二、FileTxnSnapLog源码分析

　　2.1 类的属性　　

public class FileTxnSnapLog {

    //the direcotry containing the

    //the transaction logs

    // 日志文件目录

    private final File dataDir;

    //the directory containing the

    //the snapshot directory

    // 快照文件目录

    private final File snapDir;

    // 事务日志

    private TxnLog txnLog;

    // 快照

    private SnapShot snapLog;

    // 版本号

    public final static int VERSION = 2;

    // 版本

    public final static String version = "version-";

    // Logger

    private static final Logger LOG = LoggerFactory.getLogger(FileTxnSnapLog.class);

}

　　说明：类的属性中包含了TxnLog和SnapShot接口，即对FileTxnSnapLog的很多操作都会转发给TxnLog和SnapLog进行操作，这是一种典型的组合方法。

　　2.2 内部类

　　FileTxnSnapLog包含了PlayBackListener内部类，用来接收事务应用过程中的回调，在Zookeeper数据恢复后期，会有事务修正过程，此过程会回调PlayBackListener来进行对应的数据修正。其源码如下　

public interface PlayBackListener {

    void onTxnLoaded(TxnHeader hdr, Record rec);

}

　　说明：在完成事务操作后，会调用到onTxnLoaded方法进行相应的处理。

　　2.3 构造函数

　　FileTxnSnapLog的构造函数如下　

    public FileTxnSnapLog(File dataDir, File snapDir) throws IOException {

        LOG.debug("Opening datadir:{} snapDir:{}", dataDir, snapDir);

        // 在datadir和snapdir下生成version-2目录

        this.dataDir = new File(dataDir, version + VERSION);

        this.snapDir = new File(snapDir, version + VERSION);

        if (!this.dataDir.exists()) { // datadir存在但无法创建目录，则抛出异常

            if (!this.dataDir.mkdirs()) {

                throw new IOException("Unable to create data directory "

                        + this.dataDir);

            }

        }

        if (!this.snapDir.exists()) { // snapdir存在但无法创建目录，则抛出异常

            if (!this.snapDir.mkdirs()) {

                throw new IOException("Unable to create snap directory "

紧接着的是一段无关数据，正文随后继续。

lemma induced_matching_subset:
  assumes "induced_matching E M" "M' \<subseteq> M"
  shows "induced_matching E M'"
proof (rule induced_matchingI)
  show "M' \<subseteq> E"
    using assms(2) induced_matching_subset_edges[OF assms(1)] by (rule order_trans)
next
  fix u\<^sub>1 v\<^sub>1 u\<^sub>2 v\<^sub>2
  assume "{u\<^sub>1, v\<^sub>1} \<in> M'" "{u\<^sub>2, v\<^sub>2} \<in> M'" "{u\<^sub>1, v\<^sub>1} \<noteq> {u\<^sub>2, v\<^sub>2}"
  with assms(2) have "{u\<^sub>1, v\<^sub>1} \<in> M" "{u\<^sub>2, v\<^sub>2} \<in> M" "{u\<^sub>1, v\<^sub>1} \<noteq> {u\<^sub>2, v\<^sub>2}"
    by auto
  from induced_matchingD[OF assms(1) this]
  show "{u\<^sub>1, u\<^sub>2} \<notin> E \<and> {u\<^sub>1, v\<^sub>2} \<notin> E \<and> {v\<^sub>1, u\<^sub>2} \<notin> E \<and> {v\<^sub>1, v\<^sub>2} \<notin> E"
    by blast
qed
lemma sorted_wrt_related:
  "sorted_wrt R xs \<Longrightarrow> x \<in> set xs \<Longrightarrow> y \<in> set xs \<Longrightarrow> x \<noteq> y \<Longrightarrow> R x y \<or> R y x"
  by (induction xs) auto

lemma sorted_wrt_irrefl_distinct:
  "sorted_wrt R xs \<Longrightarrow> (\<And>x. x \<in> set xs \<Longrightarrow> \<not> R x x) \<Longrightarrow> distinct xs"
  by (induction xs) auto

locale perm_graph =
  fixes n :: nat and p :: "nat \<Rightarrow> nat"
  assumes permutes: "p permutes {1..n}"
begin

abbreviation s :: "nat \<Rightarrow> nat" where "s \<equiv> inv p"
abbreviation E :: "nat set set" where "E \<equiv> perm_graph_edges n p"

lemma s_p [simp]: "s (p x) = x"
  using permutes_inverses(2)[OF permutes] by simp

lemma p_s [simp]: "p (s x) = x"
  using permutes_inverses(1)[OF permutes] by simp

lemma p_in: "x \<in> {1..n} \<Longrightarrow> p x \<in> {1..n}"
  using permutes_in_image[OF permutes] by simp

lemma s_in: "x \<in> {1..n} \<Longrightarrow> s x \<in> {1..n}"
  using permutes_in_image[OF permutes_inv[OF permutes]] by simp

lemma p_ge_1: "1 \<le> x \<Longrightarrow> 1 \<le> p x"
  using p_in permutes_not_in[OF permutes] by (cases "x \<in> {1..n}") auto

lemma s_ge_1: "1 \<le> x \<Longrightarrow> 1 \<le> s x"
  using s_in permutes_not_in[OF permutes_inv[OF permutes]] by (cases "x \<in> {1..n}") auto

lemma inj_s: "inj s"
  by (metis injI p_s)

lemma edge_iff: "{a, b} \<in> E \<longleftrightarrow> a \<in> {1..n} \<and> b \<in> {1..n} \<and> inverted s a b"
proof -
  have inv_iff: "(int u - int v) * (int (s u) - int (s v)) < 0 \<longleftrightarrow> inverted s u v" for u v
    unfolding inverted_def by (auto simp: mult_less_0_iff)
  show ?thesis
    unfolding perm_graph_edges_def inv_iff
    by (auto simp: doubleton_eq_iff inverted_def)
qed

lemma edgeE:
  assumes "e \<in> E"
  obtains a b where "e = {a, b}" "a \<in> {1..n}" "b \<in> {1..n}" "b < a" "s a < s b"
proof -
  obtain u v where "e = {u, v}"
    using assms unfolding perm_graph_edges_def by blast
  with assms edge_iff[of u v] that show thesis
    by (auto simp: inverted_def insert_commute)
qed

lemma finite_edges: "finite E"
proof (rule finite_subset)
  show "E \<subseteq> Pow {1..n}" unfolding perm_graph_edges_def by auto
qed simp
definition rot_energy :: "'v set set \<Rightarrow> ('v set \<Rightarrow> real) \<Rightarrow> ('v \<Rightarrow> quad) \<Rightarrow> real" where
  "rot_energy E J s = (\<Sum>e\<in>E. J e * ((\<Prod>z\<in>e. rot_alpha (s z)) + (\<Prod>z\<in>e. rot_beta (s z))
     + (\<Prod>z\<in>e. rot_gamma (s z)) + (\<Prod>z\<in>e. rot_delta (s z))))"

definition replica_weight :: "'v set set \<Rightarrow> ('v set \<Rightarrow> real) \<Rightarrow> 'v replicas \<Rightarrow> real" where
  "replica_weight E J \<sigma> = ising_weight E J (fst \<sigma>) * ising_weight E J (fst (snd \<sigma>)) *
     ising_weight E J (fst (snd (snd \<sigma>))) * ising_weight E J (snd (snd (snd \<sigma>)))"

lemma rot_inner:
  "rot_alpha t * rot_alpha t' + rot_beta t * rot_beta t' + rot_gamma t * rot_gamma t'
     + rot_delta t * rot_delta t' =
   real_of_int (fst t * fst t') + real_of_int (fst (snd t) * fst (snd t'))
     + real_of_int (fst (snd (snd t)) * fst (snd (snd t')))
     + real_of_int (snd (snd (snd t)) * snd (snd (snd t')))"
  by (cases t; cases t') (simp add: rot_alpha_def rot_beta_def rot_gamma_def rot_delta_def field_simps)

lemma exp_rot_energy:
  assumes "graph V E"
  shows "exp (rot_energy E J (to_sites V \<sigma>)) = replica_weight E J \<sigma>"
proof -
  obtain s1 s2 s3 s4 where \<sigma>: "\<sigma> = (s1, s2, s3, s4)" by (cases \<sigma>) auto
  let ?s = "to_sites V \<sigma>"
  have edge: "(\<Prod>z\<in>e. rot_alpha (?s z)) + (\<Prod>z\<in>e. rot_beta (?s z))
      + (\<Prod>z\<in>e. rot_gamma (?s z)) + (\<Prod>z\<in>e. rot_delta (?s z))
    = real_of_int (\<Prod>x\<in>e. s1 x) + real_of_int (\<Prod>x\<in>e. s2 x)
      + real_of_int (\<Prod>x\<in>e. s3 x) + real_of_int (\<Prod>x\<in>e. s4 x)"
    if "e \<in> E" for e
  proof -
    from assms that have "e \<subseteq> V" "card e = 2" by (auto simp: graph_def)
    then obtain x y where "e = {x, y}" "x \<noteq> y" "x \<in> V" "y \<in> V" by (auto simp: card_2_iff)
    then show ?thesis using rot_inner[of "?s x" "?s y"] by (simp add: to_sites_def \<sigma>)
  qed
  have "rot_energy E J ?s = (\<Sum>e\<in>E. J e * real_of_int (\<Prod>x\<in>e. s1 x))
      + (\<Sum>e\<in>E. J e * real_of_int (\<Prod>x\<in>e. s2 x)) + (\<Sum>e\<in>E. J e * real_of_int (\<Prod>x\<in>e. s3 x))
      + (\<Sum>e\<in>E. J e * real_of_int (\<Prod>x\<in>e. s4 x))"
    unfolding rot_energy_def by (simp add: edge distrib_left sum.distrib cong: sum.cong)
  then show ?thesis by (simp add: replica_weight_def ising_weight_def \<sigma> exp_add[symmetric])
qed

lemma rot_energy_in_site_cone:
  assumes "graph V E" "\<forall>e\<in>E. J e \<ge> 0"
  shows "rot_energy E J \<in> site_cone V"
proof -
  have fin: "finite V" "finite E"
    using assms(1) finite_subset[of E "Pow V"] by (auto simp: graph_def)
  have "(\<lambda>s. J e * ((\<Prod>z\<in>e. rot_alpha (s z)) + (\<Prod>z\<in>e. rot_beta (s z))
      + (\<Prod>z\<in>e. rot_gamma (s z)) + (\<Prod>z\<in>e. rot_delta (s z)))) \<in> site_cone V"
    if "e \<in> E" for e
  proof -
    have e: "e \<subseteq> V" using assms(1) that by (auto simp: graph_def)
    show ?thesis
      using assms(2) that
        site_cone.scale[OF site_cone.add[OF site_cone.add[OF site_cone.add[OF
          site_cone_prod_sites[OF fin(1) e rot_cone_alpha] site_cone_prod_sites[OF fin(1) e rot_cone_beta]]
          site_cone_prod_sites[OF fin(1) e rot_cone_gamma]] site_cone_prod_sites[OF fin(1) e rot_cone_delta]],
          of "J e"]
      by simp
  qed
  then show ?thesis
    unfolding rot_energy_def[abs_def] by (rule site_cone_sum[OF fin])
qed
(* Let $N\ge1$, $n,m\ge1$, $\kappa>0$, and let $\{(U_i,V_i)\}_{i=1}^N$ be a solution of $$\dot U_j=\frac{\kappa}{N}\sum_{k=1}^N\big(\langle V_j,V_k\rangle_FU_k-\langle V_k,V_j\rangle_FU_jU_k^\dagger U_j\big),\qquad \dot V_j=\frac{\kappa}{N}\sum_{k=1}^N\big(\langle U_j,U_k\rangle_FV_k-\langle U_k,U_j\rangle_FV_jV_k^\dagger V_j\big),$$ with $(U_j,V_j)(0)\in\mathbf U(n)\times\mathbf U(m)$. Then $\mathcal E(U,V):=1-\frac1{N^2}\sum_{i,j=1}^N\langle U_i,U_j\rangle_F\langle V_i,V_j\rangle_F$ satisfies, for $t>0$, $$\frac{d}{dt}\mathcal E(U,V)=-\frac{1}{\kappa N}\sum_{j=1}^N\big(\|\dot U_j\|_F^2+\|\dot V_j\|_F^2\big).$$
   Context: $\langle A,B\rangle_F=\mathrm{tr}(A^\dagger B)$, $\|A\|_F=\sqrt{\langle A,A\rangle_F}$; $\mathbf U(n)$ denotes the unitary group. *)

theory Defs
  imports "HOL-Analysis.Analysis"
begin

definition adj :: "complex^'n^'n \<Rightarrow> complex^'n^'n" where
  "adj A = (\<chi> i j. cnj (A $ j $ i))"

definition mtrace :: "complex^'n^'n \<Rightarrow> complex" where
  "mtrace A = (\<Sum>i\<in>UNIV. A $ i $ i)"

definition frob_inner :: "complex^'n^'n \<Rightarrow> complex^'n^'n \<Rightarrow> complex" where
  "frob_inner A B = mtrace (adj A ** B)"

text \<open>Frobenius norm sqrt(<A,A>_F) (the inner product is real and nonnegative).\<close>
definition frob_norm :: "complex^'n^'n \<Rightarrow> real" where
  "frob_norm A = sqrt (Re (frob_inner A A))"

definition csmult :: "complex \<Rightarrow> complex^'n^'n \<Rightarrow> complex^'n^'n" where
  "csmult c A = (\<chi> i j. c * A $ i $ j)"

definition unitary :: "complex^'n^'n \<Rightarrow> bool" where
  "unitary A \<longleftrightarrow> adj A ** A = mat 1 \<and> A ** adj A = mat 1"

definition energy :: "nat \<Rightarrow> (nat \<Rightarrow> complex^'n^'n) \<Rightarrow> (nat \<Rightarrow> complex^'m^'m) \<Rightarrow> complex" where
  "energy N U V = 1 - (1 / of_nat N ^ 2) *
     (\<Sum>i=1..N. \<Sum>j=1..N. frob_inner (U i) (U j) * frob_inner (V i) (V j))"

end

theory Submission
  imports Defs
begin

(*
  With c = kappa / N and W_j = sum_k <V_j,V_k> U_k, the equation for U reads
  U_j' = c P_{U_j}(W_j), where P_U(W) = W - U W^dagger U (tangent_part U W) is, for unitary U,
  twice the orthogonal projection of W onto the tangent space of U(n) at U; symmetrically for V.
  Unitarity is preserved: Q = U^dagger U - I satisfies the linear equation
  Q' = -c (X Q + Q X^dagger) with X = U^dagger W and Q(0) = 0, so Q = 0 by Gronwall.
  Hence 2 Re <W_j, U_j'> = |U_j'|^2 / c. Differentiating sum_ij <U_i,U_j><V_i,V_j> and using
  that the coefficient matrix (<V_j,V_k>) is Hermitian, the terms coming from U' sum to
  sum_j 2 Re <W_j, U_j'>; likewise for V.
*)

lemma adj_nth [simp]: "adj A $ i $ j = cnj (A $ j $ i)"
  by (simp add: adj_def)

lemma csmult_nth [simp]: "csmult c A $ i $ j = c * A $ i $ j"
  by (simp add: csmult_def)

lemma frob_inner_eq_trace: "frob_inner A B = trace (adj A ** B)"
  by (simp add: frob_inner_def mtrace_def trace_def)

lemma frob_inner_entries:
  "frob_inner A B = (\<Sum>i\<in>UNIV. \<Sum>k\<in>UNIV. cnj (A $ k $ i) * B $ k $ i)"
  by (simp add: frob_inner_def mtrace_def matrix_matrix_mult_def)

lemma linear_adj: "linear (adj :: complex^'n^'n \<Rightarrow> complex^'n^'n)"
  by (auto intro!: linearI simp: vec_eq_iff)

lemmas bounded_linear_adj = linear_adj[unfolded linear_conv_bounded_linear]
  and adj_diff = linear_diff[OF linear_adj]
  and adj_sum = linear_sum[OF linear_adj]
  and adj_scaleR = linear_scale[OF linear_adj]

                        + this.snapDir);

            }

        }

        // 给属性赋值

        txnLog = new FileTxnLog(this.dataDir);

        snapLog = new FileSnap(this.snapDir);

    }

　　说明：对于构造函数而言，其会在传入的datadir和snapdir目录下新生成version-2的目录，并且会判断目录是否创建成功，之后会创建txnLog和snapLog。

　　2.4 核心函数分析

　　1. restore函数　

    public long restore(DataTree dt, Map<Long, Integer> sessions,

            PlayBackListener listener) throws IOException {

        // 根据snap文件反序列化dt和sessions

        snapLog.deserialize(dt, sessions);

        //

        FileTxnLog txnLog = new FileTxnLog(dataDir);

        // 获取比最后处理的zxid+1大的log文件的迭代器

        TxnIterator itr = txnLog.read(dt.lastProcessedZxid+1);

        // 最大的zxid

        long highestZxid = dt.lastProcessedZxid;

        TxnHeader hdr;

        try {

            while (true) {

                // iterator points to

                // the first valid txn when initialized

                // itr在read函数调用后就已经指向第一个合法的事务

                // 获取事务头

                hdr = itr.getHeader();

                if (hdr == null) { // 事务头为空

                    //empty logs

                    // 表示日志文件为空

                    return dt.lastProcessedZxid;

                }

                if (hdr.getZxid() < highestZxid && highestZxid != 0) { // 事务头的zxid小于snapshot中的最大zxid并且其不为0，则会报错

                    LOG.error("{}(higestZxid) > {}(next log) for type {}",

                            new Object[] { highestZxid, hdr.getZxid(),

                                    hdr.getType() });

                } else { // 重新赋值highestZxid

                    highestZxid = hdr.getZxid();

                }

                try {

                    // 在datatree上处理事务

                    processTransaction(hdr,dt,sessions, itr.getTxn());

                } catch(KeeperException.NoNodeException e) {

                   throw new IOException("Failed to process transaction type: " +

                         hdr.getType() + " error: " + e.getMessage(), e);

                }

                // 每处理完一个事务都会进行回调

                listener.onTxnLoaded(hdr, itr.getTxn());

                if (!itr.next()) // 已无事务，跳出循环

                    break;

            }

        } finally {

            if (itr != null) { // 迭代器不为空，则关闭

                itr.close();

            }

        }

        // 返回最高的zxid

        return highestZxid;

    }

　　说明：restore用于恢复datatree和sessions，其步骤大致如下

　　① 根据snapshot文件反序列化datatree和sessions，进入②

　　② 获取比snapshot文件中的zxid+1大的log文件的迭代器，以对log文件中的事务进行迭代，进入③

　　③ 迭代log文件的每个事务，并且将该事务应用在datatree中，同时会调用onTxnLoaded函数进行后续处理，进入④

　　④ 关闭迭代器，返回log文件中最后一个事务的zxid（作为最高的zxid）

　　其中会调用到FileTxnLog的read函数，read函数在FileTxnLog中已经进行过分析，会调用processTransaction函数，其源码如下　

    public void processTransaction(TxnHeader hdr,DataTree dt,

            Map<Long, Integer> sessions, Record txn)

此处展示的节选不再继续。